2a. This would not be true if we did not have an adequately large sample size.
This is not true; bootstrapped samples are created with replacement.
This is not true; we should use a sample size equal to the size of the original sample.
The samples are taken from the original sample, not from the population.
3a.
set.seed(1)
treatement_group <- c(57,61)
control_group <- c(42,62,41,28)
diff <- mean(treatement_group) - mean(control_group)
diff
## [1] 15.75
sample <- sample(c(treatement_group,control_group),2)
print(c('diff is',mean(sample) - mean(c(treatement_group,control_group)[!c(treatement_group,control_group) %in% sample])))
## [1] "diff is" "16.5"
test_statistics = 1:20
for(i in 1:20) {
sample <- sample(c(treatement_group,control_group),2)
test_statistics[i] <-mean(sample) - mean(c(treatement_group,control_group)[!c(treatement_group,control_group) %in% sample])
}
hist(test_statistics)
proportion <- length(test_statistics[test_statistics >= diff]) / length(test_statistics)
proportion
## [1] 0.3
Here is the number of permutations with a statistic values greater than or equal to the original value, and then the exact p-value, respectively.
full_sample <- c(control_group, treatement_group)
count <- 0
for(i in 1:6) {
for(j in 1:6) {
if(i != j) {
treatement_group_perm <- full_sample[c(i,j)]
control_group_perm <- full_sample[!full_sample %in% treatement_group_perm]
perm_diff <- mean(treatement_group_perm) - mean(control_group_perm)
if(perm_diff >= diff) {
count <- count + 1
}
}
}
}
count
## [1] 6
count / 15
## [1] 0.4
My estimate was off by 10%, so it was fairly accurate but not perfect.
trees <- read.csv("nspines.csv")
plot(trees)
I think that it is appropriate to use t procedures. The boxplots look approximately normally distributed, and n = 60 so we have a reasonably large sample size.

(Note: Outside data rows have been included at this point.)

lemma abs_expectation_le_B_power:
  fixes f :: "'a \<Rightarrow> real"
  assumes "integrable P f" and "integrable P (\<lambda>x. B x ^ n)" and "\<And>x. \<bar>f x\<bar> \<le> c * B x ^ n"
  shows "\<bar>expectation f\<bar> \<le> c * expectation (\<lambda>x. B x ^ n)"
proof -
  have "\<bar>expectation f\<bar> \<le> expectation (\<lambda>x. \<bar>f x\<bar>)"
    using integral_norm_bound[of P f] by simp
  also have "\<dots> \<le> expectation (\<lambda>x. c * B x ^ n)"
    by (intro integral_mono integrable_abs integrable_mult_right assms)
  finally show ?thesis by simp
qed

lemma abs_expectation_e_le:
  assumes "k \<in> K"
  shows "\<bar>expectation (e k)\<bar> \<le> t\<^sup>2 * expectation (\<lambda>x. B x ^ 2)"
proof -
  have "expectation (e k) = expectation (\<lambda>x. e k x - t * L k x)"
    using assms integrable_e integrable_L expectation_L_eq_0 by simp
  also have "\<bar>\<dots>\<bar> \<le> t\<^sup>2 * expectation (\<lambda>x. B x ^ 2)"
    using assms abs_e_minus_L_le integrable_e integrable_L integrable_B2
    by (intro abs_expectation_le_B_power) (simp_all add: power_mult_distrib)
  finally show ?thesis .
qed

lemma abs_e2_le:
  assumes "i \<in> K" and "j \<in> K"
  shows "\<bar>e i x * e j x\<bar> \<le> 4 * t\<^sup>2 * B x ^ 2"
proof -
  have "\<bar>e i x\<bar> * \<bar>e j x\<bar> \<le> (2 * t * B x) * (2 * t * B x)"
    using abs_e_le[OF assms(1)] abs_e_le[OF assms(2)] by (rule mult_mono) (simp_all add: B_nonneg less_imp_le[OF t_pos])
  then show ?thesis by (simp add: abs_mult power2_eq_square mult_ac)
qed

lemma abs_e3_le:
  assumes "i \<in> K" and "j \<in> K" and "k \<in> K"
  shows "\<bar>e i x * e j x * e k x\<bar> \<le> 8 * t ^ 3 * B x ^ 3"
proof -
  have "\<bar>e i x * e j x\<bar> * \<bar>e k x\<bar> \<le> (4 * t\<^sup>2 * B x ^ 2) * (2 * t * B x)"
    using abs_e2_le[OF assms(1,2)] abs_e_le[OF assms(3)] by (rule mult_mono) (simp_all add: B_nonneg less_imp_le[OF t_pos])
  then show ?thesis by (simp add: abs_mult power2_eq_square power3_eq_cube mult_ac)
qed

lemma abs_expectation_e2_le:
  "i \<in> K \<Longrightarrow> j \<in> K \<Longrightarrow> \<bar>expectation (\<lambda>x. e i x * e j x)\<bar> \<le> 4 * t\<^sup>2 * expectation (\<lambda>x. B x ^ 2)"
  using abs_expectation_le_B_power[OF integrable_e2 integrable_B2 abs_e2_le] by simp

lemma abs_expectation_e3_le:
  "i \<in> K \<Longrightarrow> j \<in> K \<Longrightarrow> k \<in> K \<Longrightarrow>
    \<bar>expectation (\<lambda>x. e i x * e j x * e k x)\<bar> \<le> 8 * t ^ 3 * expectation (\<lambda>x. B x ^ 3)"
  using abs_expectation_le_B_power[OF integrable_e3 integrable_B3 abs_e3_le] by simp

lemma abs_expectation_e4_le:
  assumes "i \<in> K" and "j \<in> K" and "k \<in> K" and "l \<in> K"
  shows "\<bar>expectation (\<lambda>x. e i x * e j x * e k x * e l x)\<bar> \<le> 8 * t ^ 3 * expectation (\<lambda>x. B x ^ 3)"
proof (rule abs_expectation_le_B_power[OF integrable_e4[OF assms] integrable_B3])
  fix x
  have "\<bar>e i x * e j x * e k x\<bar> * \<bar>e l x\<bar> \<le> (8 * t ^ 3 * B x ^ 3) * 1"
    using abs_e3_le[OF assms(1-3)] abs_e_le_1[OF assms(4)] by (rule mult_mono) (simp_all add: B_nonneg less_imp_le[OF t_pos])
  then show "\<bar>e i x * e j x * e k x * e l x\<bar> \<le> 8 * t ^ 3 * B x ^ 3"
    by (simp add: abs_mult)
qed

lemma abs_expectation_e2_minus_L2_le:
  assumes "i \<in> K" and "j \<in> K"
  shows "\<bar>expectation (\<lambda>x. e i x * e j x) - t\<^sup>2 * expectation (\<lambda>x. L i x * L j x)\<bar>
    \<le> 3 * t ^ 3 * expectation (\<lambda>x. B x ^ 3)"
proof -
  have "\<bar>(e i x - t * L i x) * e j x + t * L i x * (e j x - t * L j x)\<bar> \<le> 3 * t ^ 3 * B x ^ 3"
    for x
  proof -
    have "\<bar>(e i x - t * L i x) * e j x\<bar> \<le> (t * B x)\<^sup>2 * (2 * t * B x)"
      unfolding abs_mult using assms abs_e_minus_L_le abs_e_le by (intro mult_mono) auto
    moreover have "\<bar>t * L i x * (e j x - t * L j x)\<bar> \<le> (t * B x) * (t * B x)\<^sup>2"
      unfolding abs_mult using assms abs_L_le abs_e_minus_L_le t_pos B_nonneg
      by (intro mult_mono) auto
    ultimately show ?thesis
      by (simp add: power2_eq_square power3_eq_cube algebra_simps)
  qed
  moreover have "(e i x - t * L i x) * e j x + t * L i x * (e j x - t * L j x)
      = e i x * e j x - t\<^sup>2 * (L i x * L j x)" for x
    by (simp add: algebra_simps power2_eq_square)
  ultimately have "\<bar>expectation (\<lambda>x. e i x * e j x - t\<^sup>2 * (L i x * L j x))\<bar>
      \<le> 3 * t ^ 3 * expectation (\<lambda>x. B x ^ 3)"
    using assms integrable_e2 integrable_L2 integrable_B3
    by (intro abs_expectation_le_B_power) auto
  then show ?thesis
    using assms integrable_e2 integrable_L2 by simp
qed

test_statistic = mean(trees$dbh[trees$ns == 'n']) - mean(trees$dbh[trees$ns == 's'])
test_statistic
## [1] -10.83333
boot_sample <- bootStrapCI2(trees$dbh[trees$ns == 'n'],trees$dbh[trees$ns == 's'], 1000)
hist(boot_sample)
#quantile
quantile_method_result <- quantile(boot_sample, c(0.025, 0.975))
sprintf("quantile CI: 2.5%% is %f, 97.5%% is %f", quantile_method_result[1], quantile_method_result[2])
## [1] "quantile CI: 2.5% is -18.798833, 97.5% is -2.898583"
#hybrid
hybrid_method_result <- (test_statistic)+c(-1,1)*qt(0.975, df=14)*sd(boot_sample)
sprintf("hybrid CI: 2.5%% is %f, 97.5%% is %f", hybrid_method_result[1], hybrid_method_result[2])
## [1] "hybrid CI: 2.5% is -19.762170, 97.5% is -1.904496"
I do not think that these confidence intervals would be reliable. Looking at the histogram, it does not appear to be normal; the data looks to be skewed to the right.
t.test(trees$dbh[trees$ns == 'n'],trees$dbh[trees$ns == 's'])
##
## Welch Two Sample t-test
##
## data: trees$dbh[trees$ns == "n"] and trees$dbh[trees$ns == "s"]
## t = -2.6286, df = 55.725, p-value = 0.01106
## alternative hypothesis: true difference in means is not equal to 0
## 95 percent confidence interval:
## -19.090199 -2.576468
## sample estimates:
## mean of x mean of y
## 23.70000 34.53333
The bootstrapped confidence intervals are very similar to the one produced by the traditional t test. The upper bound of the traditional t test interval is slightly larger than either bootstrapped test, and the lower bound falls between the lower bound produced by the hybrid method and the quantile method. I would opt to uses the traditional t test, since the histogram of the bootstrapped sample wasn’t normally distributed, resulting in a flawed test.